- What needs to be done:
Take the data below and filter it for lines containing the word "which"; show each line found.

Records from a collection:
--- START ---

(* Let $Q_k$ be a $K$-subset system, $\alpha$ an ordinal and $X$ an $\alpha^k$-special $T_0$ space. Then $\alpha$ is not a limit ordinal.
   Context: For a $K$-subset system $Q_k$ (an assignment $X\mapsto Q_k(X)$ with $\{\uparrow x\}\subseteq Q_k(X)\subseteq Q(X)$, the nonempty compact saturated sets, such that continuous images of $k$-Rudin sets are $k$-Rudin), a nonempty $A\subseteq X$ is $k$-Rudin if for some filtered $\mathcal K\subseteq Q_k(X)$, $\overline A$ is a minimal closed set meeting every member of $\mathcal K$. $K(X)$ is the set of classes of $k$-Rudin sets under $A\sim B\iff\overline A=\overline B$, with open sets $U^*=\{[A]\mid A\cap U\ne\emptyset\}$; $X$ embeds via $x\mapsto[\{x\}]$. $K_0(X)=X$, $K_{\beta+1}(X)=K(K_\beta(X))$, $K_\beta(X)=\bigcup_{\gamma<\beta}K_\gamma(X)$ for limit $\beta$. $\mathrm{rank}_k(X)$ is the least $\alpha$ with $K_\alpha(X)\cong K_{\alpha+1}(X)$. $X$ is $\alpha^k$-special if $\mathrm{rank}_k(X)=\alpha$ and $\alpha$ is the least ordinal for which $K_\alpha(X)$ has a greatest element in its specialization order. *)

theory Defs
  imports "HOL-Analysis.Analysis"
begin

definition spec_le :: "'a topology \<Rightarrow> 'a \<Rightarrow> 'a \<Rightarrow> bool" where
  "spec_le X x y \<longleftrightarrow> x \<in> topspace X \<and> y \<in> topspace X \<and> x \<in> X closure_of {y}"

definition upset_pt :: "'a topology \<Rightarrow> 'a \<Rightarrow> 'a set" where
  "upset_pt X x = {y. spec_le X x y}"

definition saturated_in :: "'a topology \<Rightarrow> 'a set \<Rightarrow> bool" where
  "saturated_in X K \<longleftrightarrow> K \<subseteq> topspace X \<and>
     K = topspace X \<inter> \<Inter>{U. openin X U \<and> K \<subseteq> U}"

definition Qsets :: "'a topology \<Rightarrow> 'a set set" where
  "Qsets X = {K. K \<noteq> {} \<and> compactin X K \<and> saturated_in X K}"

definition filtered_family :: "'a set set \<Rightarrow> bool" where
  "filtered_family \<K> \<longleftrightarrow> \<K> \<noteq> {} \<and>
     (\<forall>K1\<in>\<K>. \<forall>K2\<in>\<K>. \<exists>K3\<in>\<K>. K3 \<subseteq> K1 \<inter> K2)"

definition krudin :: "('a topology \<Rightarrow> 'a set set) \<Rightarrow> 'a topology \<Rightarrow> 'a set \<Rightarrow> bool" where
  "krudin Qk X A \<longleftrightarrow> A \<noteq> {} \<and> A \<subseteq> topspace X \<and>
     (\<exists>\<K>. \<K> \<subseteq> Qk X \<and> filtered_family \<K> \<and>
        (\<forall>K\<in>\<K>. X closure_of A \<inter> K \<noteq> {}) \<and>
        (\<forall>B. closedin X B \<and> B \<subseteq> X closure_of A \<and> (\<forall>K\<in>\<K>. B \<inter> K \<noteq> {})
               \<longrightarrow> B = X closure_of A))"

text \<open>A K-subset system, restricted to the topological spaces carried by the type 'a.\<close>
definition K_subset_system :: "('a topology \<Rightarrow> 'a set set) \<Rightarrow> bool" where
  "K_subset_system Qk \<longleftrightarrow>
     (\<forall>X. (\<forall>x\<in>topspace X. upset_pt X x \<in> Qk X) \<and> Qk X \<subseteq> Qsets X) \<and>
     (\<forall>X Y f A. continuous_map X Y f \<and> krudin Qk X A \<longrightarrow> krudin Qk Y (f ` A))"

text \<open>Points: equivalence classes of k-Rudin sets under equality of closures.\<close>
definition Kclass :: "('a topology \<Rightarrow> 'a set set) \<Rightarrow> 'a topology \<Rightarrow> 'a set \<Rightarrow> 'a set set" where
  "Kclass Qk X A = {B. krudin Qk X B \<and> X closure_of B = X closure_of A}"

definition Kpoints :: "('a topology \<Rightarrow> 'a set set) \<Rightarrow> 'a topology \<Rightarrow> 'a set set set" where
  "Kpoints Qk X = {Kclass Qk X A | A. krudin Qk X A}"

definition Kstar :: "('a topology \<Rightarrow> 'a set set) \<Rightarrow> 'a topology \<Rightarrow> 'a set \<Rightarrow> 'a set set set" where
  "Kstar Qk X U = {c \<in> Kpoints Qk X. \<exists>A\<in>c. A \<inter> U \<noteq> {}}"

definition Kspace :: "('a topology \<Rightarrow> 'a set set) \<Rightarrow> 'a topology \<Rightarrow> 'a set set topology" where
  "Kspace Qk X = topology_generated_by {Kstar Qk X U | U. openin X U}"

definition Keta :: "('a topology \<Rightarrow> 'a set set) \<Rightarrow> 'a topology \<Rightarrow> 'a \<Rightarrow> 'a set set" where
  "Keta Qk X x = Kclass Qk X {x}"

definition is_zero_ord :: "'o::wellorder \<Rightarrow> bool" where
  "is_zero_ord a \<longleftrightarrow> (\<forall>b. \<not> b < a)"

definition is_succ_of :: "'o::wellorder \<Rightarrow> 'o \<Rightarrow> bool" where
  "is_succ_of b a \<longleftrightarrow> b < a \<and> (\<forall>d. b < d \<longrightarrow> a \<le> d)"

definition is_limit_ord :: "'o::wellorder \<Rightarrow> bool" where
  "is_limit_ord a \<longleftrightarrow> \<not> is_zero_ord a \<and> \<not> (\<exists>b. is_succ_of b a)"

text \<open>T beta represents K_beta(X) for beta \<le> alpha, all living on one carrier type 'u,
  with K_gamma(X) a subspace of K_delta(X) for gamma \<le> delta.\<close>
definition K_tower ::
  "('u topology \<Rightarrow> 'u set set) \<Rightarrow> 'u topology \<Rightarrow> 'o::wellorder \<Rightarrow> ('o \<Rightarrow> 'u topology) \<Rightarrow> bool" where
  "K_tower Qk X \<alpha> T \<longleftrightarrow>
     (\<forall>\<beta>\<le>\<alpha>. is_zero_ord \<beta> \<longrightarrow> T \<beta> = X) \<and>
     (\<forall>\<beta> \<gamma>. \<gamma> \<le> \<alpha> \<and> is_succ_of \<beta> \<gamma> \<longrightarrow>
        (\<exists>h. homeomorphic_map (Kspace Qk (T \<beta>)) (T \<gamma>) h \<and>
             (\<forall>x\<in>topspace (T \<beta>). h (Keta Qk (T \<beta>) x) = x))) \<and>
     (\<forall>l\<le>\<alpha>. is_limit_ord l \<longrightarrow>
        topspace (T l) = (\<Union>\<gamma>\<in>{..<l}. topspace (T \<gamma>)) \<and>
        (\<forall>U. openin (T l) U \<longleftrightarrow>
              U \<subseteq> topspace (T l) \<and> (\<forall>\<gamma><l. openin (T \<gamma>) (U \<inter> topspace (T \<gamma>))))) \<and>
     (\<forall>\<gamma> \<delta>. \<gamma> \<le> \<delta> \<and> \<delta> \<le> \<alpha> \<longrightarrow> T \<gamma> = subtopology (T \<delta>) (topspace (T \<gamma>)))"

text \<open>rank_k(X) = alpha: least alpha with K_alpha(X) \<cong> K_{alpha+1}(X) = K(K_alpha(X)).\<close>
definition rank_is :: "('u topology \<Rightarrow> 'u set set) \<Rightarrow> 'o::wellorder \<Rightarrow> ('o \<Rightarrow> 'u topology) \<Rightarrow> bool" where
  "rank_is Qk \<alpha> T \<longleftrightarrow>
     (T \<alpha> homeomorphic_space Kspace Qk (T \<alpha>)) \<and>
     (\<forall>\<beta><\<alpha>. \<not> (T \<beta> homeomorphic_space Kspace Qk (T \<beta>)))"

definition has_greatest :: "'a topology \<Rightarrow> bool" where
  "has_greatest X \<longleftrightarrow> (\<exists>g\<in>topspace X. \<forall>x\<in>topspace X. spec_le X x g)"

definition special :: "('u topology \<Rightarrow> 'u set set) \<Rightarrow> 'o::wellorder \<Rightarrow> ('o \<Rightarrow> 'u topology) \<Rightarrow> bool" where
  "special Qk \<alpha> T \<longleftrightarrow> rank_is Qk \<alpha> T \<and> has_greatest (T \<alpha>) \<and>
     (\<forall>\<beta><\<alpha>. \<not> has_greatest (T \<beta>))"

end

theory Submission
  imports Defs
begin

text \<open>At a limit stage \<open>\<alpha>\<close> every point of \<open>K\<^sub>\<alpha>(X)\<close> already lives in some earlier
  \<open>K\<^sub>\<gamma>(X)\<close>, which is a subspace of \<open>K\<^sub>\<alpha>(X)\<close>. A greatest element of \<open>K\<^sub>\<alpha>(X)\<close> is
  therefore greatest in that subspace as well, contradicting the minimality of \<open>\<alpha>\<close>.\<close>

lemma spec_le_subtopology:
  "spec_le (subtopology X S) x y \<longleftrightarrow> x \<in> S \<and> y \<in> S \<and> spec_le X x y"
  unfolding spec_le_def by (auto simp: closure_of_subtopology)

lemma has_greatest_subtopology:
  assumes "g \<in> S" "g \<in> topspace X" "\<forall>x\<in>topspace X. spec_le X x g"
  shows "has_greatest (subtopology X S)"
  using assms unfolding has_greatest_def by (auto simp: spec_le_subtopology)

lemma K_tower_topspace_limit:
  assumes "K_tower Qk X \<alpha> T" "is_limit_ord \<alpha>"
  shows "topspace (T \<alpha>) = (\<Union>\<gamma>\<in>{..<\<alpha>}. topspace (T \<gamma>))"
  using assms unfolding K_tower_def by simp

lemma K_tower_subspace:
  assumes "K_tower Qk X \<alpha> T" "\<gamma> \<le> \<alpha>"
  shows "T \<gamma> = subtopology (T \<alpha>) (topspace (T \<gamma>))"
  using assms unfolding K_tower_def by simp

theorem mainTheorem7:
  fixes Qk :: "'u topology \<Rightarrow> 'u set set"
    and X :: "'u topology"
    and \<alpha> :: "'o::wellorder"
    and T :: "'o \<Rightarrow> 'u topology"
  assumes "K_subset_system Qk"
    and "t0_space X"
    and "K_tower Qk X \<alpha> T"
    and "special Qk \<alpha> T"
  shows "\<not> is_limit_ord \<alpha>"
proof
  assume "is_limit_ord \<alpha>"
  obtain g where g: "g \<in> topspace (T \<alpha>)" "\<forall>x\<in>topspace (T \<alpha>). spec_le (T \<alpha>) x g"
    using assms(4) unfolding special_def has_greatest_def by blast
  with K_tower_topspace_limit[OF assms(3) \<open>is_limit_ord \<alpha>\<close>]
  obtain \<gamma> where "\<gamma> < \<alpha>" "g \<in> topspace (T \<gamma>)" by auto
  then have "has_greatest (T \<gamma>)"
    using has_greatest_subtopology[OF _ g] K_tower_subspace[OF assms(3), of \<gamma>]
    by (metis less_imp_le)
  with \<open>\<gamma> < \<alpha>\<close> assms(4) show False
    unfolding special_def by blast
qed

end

--- END ---

- Task result:
   Context: For a $K$-subset system $Q_k$ (an assignment $X\mapsto Q_k(X)$ with $\{\uparrow x\}\subseteq Q_k(X)\subseteq Q(X)$, the nonempty compact saturated sets, such that continuous images of $k$-Rudin sets are $k$-Rudin), a nonempty $A\subseteq X$ is $k$-Rudin if for some filtered $\mathcal K\subseteq Q_k(X)$, $\overline A$ is a minimal closed set meeting every member of $\mathcal K$. $K(X)$ is the set of classes of $k$-Rudin sets under $A\sim B\iff\overline A=\overline B$, with open sets $U^*=\{[A]\mid A\cap U\ne\emptyset\}$; $X$ embeds via $x\mapsto[\{x\}]$. $K_0(X)=X$, $K_{\beta+1}(X)=K(K_\beta(X))$, $K_\beta(X)=\bigcup_{\gamma<\beta}K_\gamma(X)$ for limit $\beta$. $\mathrm{rank}_k(X)$ is the least $\alpha$ with $K_\alpha(X)\cong K_{\alpha+1}(X)$. $X$ is $\alpha^k$-special if $\mathrm{rank}_k(X)=\alpha$ and $\alpha$ is the least ordinal for which $K_\alpha(X)$ has a greatest element in its specialization order. *)
  \<open>K\<^sub>\<gamma>(X)\<close>, which is a subspace of \<open>K\<^sub>\<alpha>(X)\<close>. A greatest element of \<open>K\<^sub>\<alpha>(X)\<close> is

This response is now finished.